- WHAT YOU HAVE TO DO:
From the entries below, copy each line in which the word "thesis" occurs.

- PROVIDED MATERIAL:
________

text \<open>Hahn--Banach: by Zorn's lemma p has a minimal sublinear minorant, and that one is linear.\<close>
lemma exists_linear_le_sublinear:
  fixes p :: "'a::real_vector \<Rightarrow> real"
  assumes p: "sublinear p"
  shows "\<exists>h. linear h \<and> h \<le> p"
proof -
  let ?A = "{q. sublinear q \<and> q \<le> p}"
  have "\<exists>m\<in>?A. \<forall>q\<in>?A. q \<le> m \<longrightarrow> q = m"
  proof (rule predicate_Zorn)
    show "partial_order_on ?A (relation_of (\<lambda>a b. b \<le> a) ?A)"
      by (rule partial_order_on_relation_ofI) auto
  next
    fix C assume C: "C \<in> Chains (relation_of (\<lambda>a b. b \<le> a) ?A)"
    hence CA: "C \<subseteq> ?A" by (rule Chains_relation_of)
    show "\<exists>u\<in>?A. \<forall>q\<in>C. u \<le> q"
    proof (cases "C = {}")
      case True
      thus ?thesis using p by auto
    next
      case False
      have total: "q1 \<le> q2 \<or> q2 \<le> q1" if "q1 \<in> C" "q2 \<in> C" for q1 q2
        using C that unfolding Chains_def relation_of_def by auto
      have "\<And>q. q \<in> C \<Longrightarrow> sublinear q \<and> q \<le> p" using CA by blast
      note INF_chain = sublinear_INF_chain[OF False this total]
      obtain q0 where "q0 \<in> C" using False by blast
      thus ?thesis using CA INF_chain by (blast intro: order_trans)
    qed
  qed
  then obtain q where q: "sublinear q" "q \<le> p" and maximal: "\<And>r. sublinear r \<Longrightarrow> r \<le> p \<Longrightarrow> r \<le> q \<Longrightarrow> r = q"
    by blast
  have "linear q"
    using q(1) by (rule minimal_sublinear_imp_linear) (use q(2) maximal order_trans in blast)
  thus ?thesis using q(2) by blast
qed

lemma exists_linear_le_sublinear_ge_on_cone:
  fixes q \<phi> :: "'a::real_vector \<Rightarrow> real"
  assumes q: "sublinear q" and T: "convex_cone T" and \<phi>: "linear \<phi>"
    and \<phi>_le: "\<And>v. v \<in> T \<Longrightarrow> \<phi> v \<le> q v"
  shows "\<exists>h. linear h \<and> h \<le> q \<and> (\<forall>v\<in>T. \<phi> v \<le> h v)"
proof -
  \<comment> \<open>A linear h below the infimum of the f v satisfies h (- v) \<le> f v (- v) = - \<phi> v on T.\<close>
  define f where "f v u = q (u + v) - \<phi> v" for v u
  have bdd: "bdd_below ((\<lambda>v. f v u) ` T)" for u
  proof (rule bdd_belowI2)
    fix v assume "v \<in> T"
    thus "- q (- u) \<le> f v u"
      using sublinear_add[OF q, of "u + v" "- u"] \<phi>_le[of v] by (simp add: f_def)
  qed
  have INF_le: "(INF v\<in>T. f v u) \<le> f v u" if "v \<in> T" for u v
    using bdd that by (rule cINF_lower)
  have "sublinear (\<lambda>u. INF v\<in>T. f v u)"
  proof (rule sublinear_INF[OF convex_cone_nonempty[OF T] bdd])
    show "\<exists>l\<in>T. f l (x + y) \<le> f v x + f w y" if "v \<in> T" "w \<in> T" for v w x y
      using that sublinear_add[OF q, of "x + v" "y + w"] linear_add[OF \<phi>, of v w]
      by (intro bexI[of _ "v + w"] convex_cone_add[OF T]) (auto simp: f_def algebra_simps)
    show "\<exists>j\<in>T. f j (c *\<^sub>R x) \<le> c * f v x" if "v \<in> T" "c > 0" for v c x
      using that sublinear_scaleR[OF q \<open>c > 0\<close>, of "x + v"] linear_scale[OF \<phi>, of c v]
      by (intro bexI[of _ "c *\<^sub>R v"] convex_cone_scaleR[OF T]) (auto simp: f_def algebra_simps)
  qed
  then obtain h where h: "linear h" "h \<le> (\<lambda>u. INF v\<in>T. f v u)"
    using exists_linear_le_sublinear by blast
  have "h \<le> q"
  proof (rule le_funI)
    fix u
    have "h u \<le> f 0 u" using le_funD[OF h(2)] INF_le[OF convex_cone_contains_0[OF T]] order_trans by blast
    thus "h u \<le> q u" using linear_0[OF \<phi>] by (simp add: f_def)
  qed
  moreover have "\<phi> v \<le> h v" if "v \<in> T" for v
  proof -
    have "h (- v) \<le> f v (- v)" using le_funD[OF h(2)] INF_le[OF that] order_trans by blast
    thus ?thesis using linear_neg[OF h(1), of v] sublinear_0[OF q] by (simp add: f_def)
  qed
  ultimately show ?thesis using h(1) by blast
qed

________

- TASK ANSWER:
      thus ?thesis using p by auto
      thus ?thesis using CA INF_chain by (blast intro: order_trans)
  thus ?thesis using q(2) by blast
    thus ?thesis using linear_neg[OF h(1), of v] sublinear_0[OF q] by (simp add: f_def)
  ultimately show ?thesis using h(1) by blast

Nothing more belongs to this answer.